Congressional Democrats fiercely criticize the White House over war expenditures. But it is virtually certain that the Democrats will provide tens of billions more in a military spending bill next month. Some Democrats are even arguing against attaching strings, like a deadline for withdrawal, saying the tactic will fail as it has in the past.
All of the war-price tallies include operations in the war zone, support for troops, repair or replacement of equipment, reservists’ salaries, special combat pay for regular forces and some care for wounded veterans — expenses that typically fall outside the regular Defense Department or Veterans Affairs budgets.
The highest estimates often include projections for future operations, long-term health care and disability costs for veterans, a portion of the regular, annual defense budget, and, in some cases, wider economic effects, including a percentage of higher oil prices and the impact of raising the national debt to cover increased war spending.
The debate raging on Capitol Hill, on the presidential campaign trail, in research institutes and in academia touches on such esoteric factors as the right inflation index for veterans’ health care costs; the monetary value of nearly 4,000 soldiers killed; and what role, if any, the war has had in higher oil prices.
Some economists who track the war expenses say they worry that politicians are making mistakes similar to those made in 2002, by failing to fully come to grips with the short- and long-term financial costs.
“The relevant question now is: what do we do now going forward?

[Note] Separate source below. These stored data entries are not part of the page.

(* Let $m, n \geq 1$ be distinct integers, let $R$ be a $k$-torsion free semiprime ring, where $k=6mn(m+n)|m-n|$, and let $F: R\to R$ be a nonzero generalized $(m,n)$-Jordan derivation. Then $F$ is a derivation which maps $R$ into $Z(R)$.
   Context: $R$ is an associative ring with center $Z(R)$. For an integer $k\geq 2$, $R$ is $k$-torsion free if $kx=0$ implies $x=0$ for all $x\in R$. $R$ is semiprime if $aRa=\{0\}$ implies $a=0$. An additive map $d:R\to R$ is a derivation if $d(xy)=d(x)y+xd(y)$ for all $x,y\in R$. For fixed integers $m,n\geq 0$ with $m+n\neq 0$, an additive map $d:R\to R$ is an $(m,n)$-Jordan derivation if $(m+n)d(x^2)=2md(x)x+2nxd(x)$ for all $x\in R$; an additive map $F:R\to R$ is a generalized $(m,n)$-Jordan derivation if there exists an $(m,n)$-Jordan derivation $d:R\to R$ such that $(m+n)F(x^2)=2mF(x)x+2nxd(x)$ for all $x\in R$. *)

theory Defs
  imports Main
begin

text \<open>Associative rings, not necessarily unital: type class ring.
  Integer multiples are written via repeated addition.\<close>

definition natmul :: "nat \<Rightarrow> 'a::ring \<Rightarrow> 'a" where
  "natmul k x = (\<Sum>i<k. x)"

definition center :: "'a::ring set" where
  "center = {z. \<forall>x. z * x = x * z}"

definition torsion_free :: "nat \<Rightarrow> 'a::ring itself \<Rightarrow> bool" where
  "torsion_free k _ \<longleftrightarrow> (\<forall>x::'a. natmul k x = 0 \<longrightarrow> x = 0)"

Because we can’t do anything about the costs that have already happened,” said Scott Wallsten, an economist and vice president of research with iGrowthGlobal, a Washington research institute. “We still don’t hear people talking about that.”
Congressional Democrats, led by Senator Charles E. Schumer of New York, the chairman of the Joint Economic Committee, have sought to spotlight the rising costs and limited political progress in Iraq.
“This administration still has no clear exit strategy for our troops, no path to political reconciliation, and no accounting of the costs to our budget or economy,” Mr. Schumer said.
The White House press secretary, Dana M. Perino, acknowledged that costs had risen higher than predicted, but said the administration was committed to giving the military everything it needed for success.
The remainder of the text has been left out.